8. Done in this branch: carry the old path-filter intent forward for Docker E2E. The `docker_e2e` route now triggers the real Docker lane for `docker/**`, Docker runtime assets, launch/runtime code, capsule handoff code, and <RepoFile path="crates/jackin/tests/dind_e2e.rs">crates/jackin/tests/dind\_e2e.rs</RepoFile>, while unrelated Rust package changes still receive deterministic tests without forcing Docker E2E.
9. Done in this branch: collapse the 19-package matrix to the middle-ground shape from this roadmap -- named jobs for `jackin`, `jackin-capsule`, `jackin-tui`, and `jackin-runtime`, plus one `small-crates` bucket. This keeps per-crate attribution for the heavy crates while removing most redundant target-cache restores.
10. Reverted after measurement in this implementation branch: uploading and downloading the prepared workspace made the fan-out slower. Docker E2E now rebuilds `jackin-capsule` from the restored warm cache, marks it executable, and exports `JACKIN_CAPSULE_BIN`; run `27976780904` measured that rebuild at about 6s while the rejected handoff path spent up to 4m09s downloading the prepared workspace.

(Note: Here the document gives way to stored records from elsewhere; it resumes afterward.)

section \<open>The leading part of the normalised partition function\<close>

definition expansion_terms ::
    "nat \<Rightarrow> (((nat \<Rightarrow> nat \<Rightarrow> bool) \<times> (nat \<Rightarrow> nat \<Rightarrow> bool)) \<times> (nat \<times> nat \<Rightarrow> nat)) set" where
  "expansion_terms m = (SIGMA s:HT_states m. PiE (vertices m) (expansion_exps (fst s)))"

definition term_coeff ::
    "complex \<Rightarrow> nat \<Rightarrow> ((nat \<Rightarrow> nat \<Rightarrow> bool) \<times> (nat \<Rightarrow> nat \<Rightarrow> bool)) \<times> (nat \<times> nat \<Rightarrow> nat) \<Rightarrow> complex" where
  "term_coeff a m p = (\<Prod>w\<in>vertices m. expansion_coeff a (fst p) w (snd p w))"

definition x_degree ::
    "nat \<Rightarrow> ((nat \<Rightarrow> nat \<Rightarrow> bool) \<times> (nat \<Rightarrow> nat \<Rightarrow> bool)) \<times> (nat \<times> nat \<Rightarrow> nat) \<Rightarrow> nat" where
  "x_degree m p = (\<Sum>i\<in>{1..m}. x_exponent m (snd p) i)"

definition monomial :: "nat \<Rightarrow> (nat \<Rightarrow> complex) \<Rightarrow> (nat \<Rightarrow> complex) \<Rightarrow> (nat \<Rightarrow> nat) \<Rightarrow> (nat \<Rightarrow> nat) \<Rightarrow> complex" where
  "monomial m x y \<alpha> \<beta> = (\<Prod>i\<in>{1..m}. x i ^ \<alpha> i * y i ^ \<beta> i)"

lemma finite_expansion_terms: "finite (expansion_terms m)"
  unfolding expansion_terms_def using finite_HT_states
  by (intro finite_SigmaI finite_PiE) (auto simp: expansion_exps_def)

lemma Z_HT_tilde_eq_sum_terms:
  assumes m: "1 \<le> m" and a: "a \<noteq> 0" and xy: "\<forall>i\<in>{1..m}. x i \<noteq> 0 \<and> y i \<noteq> 0"
  shows "Z_HT_tilde m a x y = (\<Sum>p\<in>expansion_terms m.
           term_coeff a m p * monomial m x y (x_exponent m (snd p)) (y_exponent m (snd p)))"
proof -
  have "Z_HT_tilde m a x y = (\<Sum>p\<in>expansion_terms m. (\<Prod>i\<in>{1..m}. x i ^ (2*m-1) * y i ^ (2*m-1)) *
          (\<Prod>w\<in>vertices m. expansion_coeff a (fst p) w (snd p w) * expansion_monomial m x y w (snd p w)))"
    unfolding Z_HT_tilde_def Z_HT_expansion[OF a xy] expansion_terms_def sum_distrib_left
    using finite_HT_states
    by (subst sum.Sigma) (auto simp: expansion_exps_def split_def intro!: finite_PiE)
  also have "\<dots> = (\<Sum>p\<in>expansion_terms m.
           term_coeff a m p * monomial m x y (x_exponent m (snd p)) (y_exponent m (snd p)))"
    unfolding expansion_terms_def term_coeff_def monomial_def
    using normalised_expansion_term[OF m _ _ xy] by (intro sum.cong refl) auto
  finally show ?thesis .
qed

lemma x_degree_expansion_term:
  assumes "p \<in> expansion_terms m"
  shows "x_degree m p \<le> 2*m*(2*m-1)"
    and "x_degree m p = 2*m*(2*m-1) \<Longrightarrow>
           snd p = leading_choice m (fst (fst p)) \<and> card (turns m (fst (fst p))) = m"
  using assms x_degree_le[of "fst (fst p)" "snd (fst p)" m "snd p"]
  unfolding expansion_terms_def x_degree_def by auto

lemma top_degree_terms:
  "{p\<in>expansion_terms m. x_degree m p = 2*m*(2*m-1)} =
   (\<lambda>\<rho>. (placement_state m \<rho>, leading_choice m (fst (placement_state m \<rho>)))) ` ht_placements m m {1..m}"
proof (intro equalityI subsetI)
  fix p assume p: "p \<in> {p\<in>expansion_terms m. x_degree m p = 2*m*(2*m-1)}"
  obtain h v E where pp: "p = ((h, v), E)" by (metis prod.collapse)
  have s: "(h, v) \<in> HT_states m" using p pp unfolding expansion_terms_def by auto
  have "E = leading_choice m h" "card (turns m h) = m"
    using x_degree_expansion_term(2)[of p m] p pp by auto
  moreover obtain \<rho> where "\<rho> \<in> ht_placements m m {1..m}" and hv: "(h, v) = placement_state m \<rho>"
    using leading_state_is_placement_state[OF s \<open>card (turns m h) = m\<close>] .
  moreover have "fst (placement_state m \<rho>) = h" using hv by (metis fst_conv)
  ultimately show "p \<in> (\<lambda>\<rho>. (placement_state m \<rho>, leading_choice m (fst (placement_state m \<rho>)))) `
      ht_placements m m {1..m}"
    using pp by (auto intro!: image_eqI)
next
  fix p assume "p \<in> (\<lambda>\<rho>. (placement_state m \<rho>, leading_choice m (fst (placement_state m \<rho>)))) `
      ht_placements m m {1..m}"
  then obtain \<rho> where \<rho>: "\<rho> \<in> ht_placements m m {1..m}"
    and pp: "p = (placement_state m \<rho>, leading_choice m (fst (placement_state m \<rho>)))" by auto
  obtain h v where hv: "placement_state m \<rho> = (h, v)" by (cases "placement_state m \<rho>") auto
  have s: "(h, v) \<in> HT_states m" using placement_state_in_HT_states[OF \<rho>] hv by simp
  have c: "card (turns m h) = m" using card_turns_placement_state[OF \<rho>] hv by simp
  have "leading_choice m h \<in> PiE (vertices m) (expansion_exps h)"
    unfolding leading_choice_def expansion_exps_def by auto
  moreover have "x_degree m p = (\<Sum>i\<in>{1..m}. 2*(2*m-1))"
    unfolding x_degree_def pp hv using leading_exponents(1)[OF s c] by simp
  ultimately show "p \<in> {p\<in>expansion_terms m. x_degree m p = 2*m*(2*m-1)}"
    using s pp hv unfolding expansion_terms_def by simp
qed

lemma monomial_top_degree_term:
  assumes "p \<in> expansion_terms m" "x_degree m p = 2*m*(2*m-1)"
  shows "monomial m x y (x_exponent m (snd p)) (y_exponent m (snd p)) = (\<Prod>i\<in>{1..m}. x i ^ (2*(2*m-1)))"
proof -
  obtain \<rho> where \<rho>: "\<rho> \<in> ht_placements m m {1..m}"
    and p: "p = (placement_state m \<rho>, leading_choice m (fst (placement_state m \<rho>)))"
    using assms top_degree_terms by blast
  obtain h v where hv: "placement_state m \<rho> = (h, v)" by (cases "placement_state m \<rho>") auto
  have s: "(h, v) \<in> HT_states m" using placement_state_in_HT_states[OF \<rho>] hv by simp
  have c: "card (turns m h) = m" using card_turns_placement_state[OF \<rho>] hv by simp
  show ?thesis
    unfolding monomial_def p hv using leading_exponents[OF s c] by (intro prod.cong) auto
qed

lemma top_degree_part:
  assumes a: "a \<noteq> 0"
  shows "(\<Sum>p\<in>{p\<in>expansion_terms m. x_degree m p = 2*m*(2*m-1)}.
           term_coeff a m p * monomial m x y (x_exponent m (snd p)) (y_exponent m (snd p))) =
         C_HT m a * (\<Prod>i\<in>{1..m}. x i ^ (2*(2*m-1)))"
proof -
  let ?T = "{p\<in>expansion_terms m. x_degree m p = 2*m*(2*m-1)}"
  have "inj_on (\<lambda>\<rho>. (placement_state m \<rho>, leading_choice m (fst (placement_state m \<rho>))))
      (ht_placements m m {1..m})"
    using inj_on_placement_state by (auto simp: inj_on_def)
  then have "(\<Sum>p\<in>?T. term_coeff a m p) =
      (\<Sum>\<rho>\<in>ht_placements m m {1..m}. placement_weight a m m {1..m} \<rho>)"
    unfolding top_degree_terms term_coeff_def
    by (simp add: sum.reindex leading_coeff_placement_state)
  also have "\<dots> = C_HT m a"
    by (simp add: sum_placement_weight[OF a] C_HT_eq_prod)
  finally have "(\<Sum>p\<in>?T. term_coeff a m p) = C_HT m a" .
  moreover have "(\<Sum>p\<in>?T. term_coeff a m p * monomial m x y (x_exponent m (snd p)) (y_exponent m (snd p))) =
      (\<Sum>p\<in>?T. term_coeff a m p) * (\<Prod>i\<in>{1..m}. x i ^ (2*(2*m-1)))"
    unfolding sum_distrib_right by (rule sum.cong) (auto simp: monomial_top_degree_term)
  ultimately show ?thesis by simp
qed

theorem lemma9:
  fixes m :: nat and a :: complex
  assumes "m \<ge> 1" and "a \<noteq> 0"
  shows "\<exists>S :: ((nat \<Rightarrow> nat) \<times> (nat \<Rightarrow> nat) \<times> complex) set.
           finite S \<and>
           (\<forall>(\<alpha>, \<beta>, c)\<in>S. (\<Sum>i\<in>{1..m}. \<alpha> i) < 2*m*(2*m-1)) \<and>
           (\<forall>x y :: nat \<Rightarrow> complex. (\<forall>i\<in>{1..m}. x i \<noteq> 0 \<and> y i \<noteq> 0) \<longrightarrow>
              Z_HT_tilde m a x y =
                C_HT m a * (\<Prod>i\<in>{1..m}. x i ^ (2*(2*m-1)))
                + (\<Sum>(\<alpha>, \<beta>, c)\<in>S. c * (\<Prod>i\<in>{1..m}. x i ^ \<alpha> i * y i ^ \<beta> i)))"
proof -
  define T where "T = {p\<in>expansion_terms m. x_degree m p = 2*m*(2*m-1)}"
  define L where "L = {p\<in>expansion_terms m. x_degree m p < 2*m*(2*m-1)}"
  have P: "expansion_terms m = T \<union> L" "finite T" "finite L" "T \<inter> L = {}"
    using x_degree_expansion_term(1) finite_expansion_terms unfolding T_def L_def
    by (auto simp: le_less)
  obtain S where S: "finite S" "\<forall>(\<alpha>, \<beta>, c)\<in>S. \<exists>p\<in>L. \<alpha> = x_exponent m (snd p) \<and> \<beta> = y_exponent m (snd p)"
    "\<And>f. (\<Sum>p\<in>L. term_coeff a m p * f (x_exponent m (snd p)) (y_exponent m (snd p))) =
          (\<Sum>(\<alpha>, \<beta>, c)\<in>S. c * f \<alpha> \<beta>)"
    using sum_regroup_by_key[OF P(3), where c = "term_coeff a m"
          and \<kappa> = "\<lambda>p. x_exponent m (snd p)" and \<mu> = "\<lambda>p. y_exponent m (snd p)"] by blast
  have "\<forall>(\<alpha>, \<beta>, c)\<in>S. (\<Sum>i\<in>{1..m}. \<alpha> i) < 2*m*(2*m-1)"
    using S(2) unfolding L_def x_degree_def by fastforce
  moreover have "Z_HT_tilde m a x y = C_HT m a * (\<Prod>i\<in>{1..m}. x i ^ (2*(2*m-1)))
          + (\<Sum>(\<alpha>, \<beta>, c)\<in>S. c * monomial m x y \<alpha> \<beta>)"
    if xy: "\<forall>i\<in>{1..m}. x i \<noteq> 0 \<and> y i \<noteq> 0" for x y
    unfolding Z_HT_tilde_eq_sum_terms[OF assms xy] P(1) sum.union_disjoint[OF P(2-4)] S(3)
    unfolding T_def top_degree_part[OF assms(2)] ..
  ultimately show ?thesis using S(1) unfolding monomial_def by blast
qed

11. Rejected after measurement: removing the explicit <RepoFile path=".github/actions/cache-cargo-registry/action.yml">Cargo registry cache</RepoFile> restore from nextest package and Docker E2E fan-out jobs made run `27991767807` fail under `--offline` immediately after the shared `rust-cache` restore. The restore costs a few seconds per fan-out job on warm runs, but it is currently the correctness guard that keeps package tests and Docker E2E from downloading dependencies. Any future attempt to remove it needs an equivalent offline proof in every fan-out lane before landing.
12. Done in this branch: making nextest `prepare` a cold-cache seeding job instead of a mandatory hot-path workspace rebuild helped hot exact-cache runs, but it still serialized fan-out on cache misses. Run `27997272508` confirmed the hot-cache skip (`prepare` 53s, build step skipped), run `27998091712` found Docker E2E local workspace compiles after a generic cache hit, run `27998435131` rejected a Docker-specific key while the serialized `prepare` gate still existed, and run `27999009032` rejected that remaining serialized gate because a missed shared key made `prepare` spend 5m05s compiling before package and Docker lanes could start. The branch removes the `prepare` job and lets shards restore caches directly. Direct-fanout warm runs then showed that one generic package cache is not exact enough for every package or Docker graph, so package shards now get `ci-all-features-dev-workspace-v2-package-<group>` and Docker E2E gets `ci-docker-e2e-dev-workspace-v1`; each cache is GitHub-hosted-lane owned so one narrow graph cannot seed another shard's target archive. Warm runs `28039373389` and `28040274004` accepted the shape: both had zero dependency downloads, zero third-party compile/check/build markers, zero source-tool compiles, and zero prepared-workspace restores, while keeping the required GitHub lane green.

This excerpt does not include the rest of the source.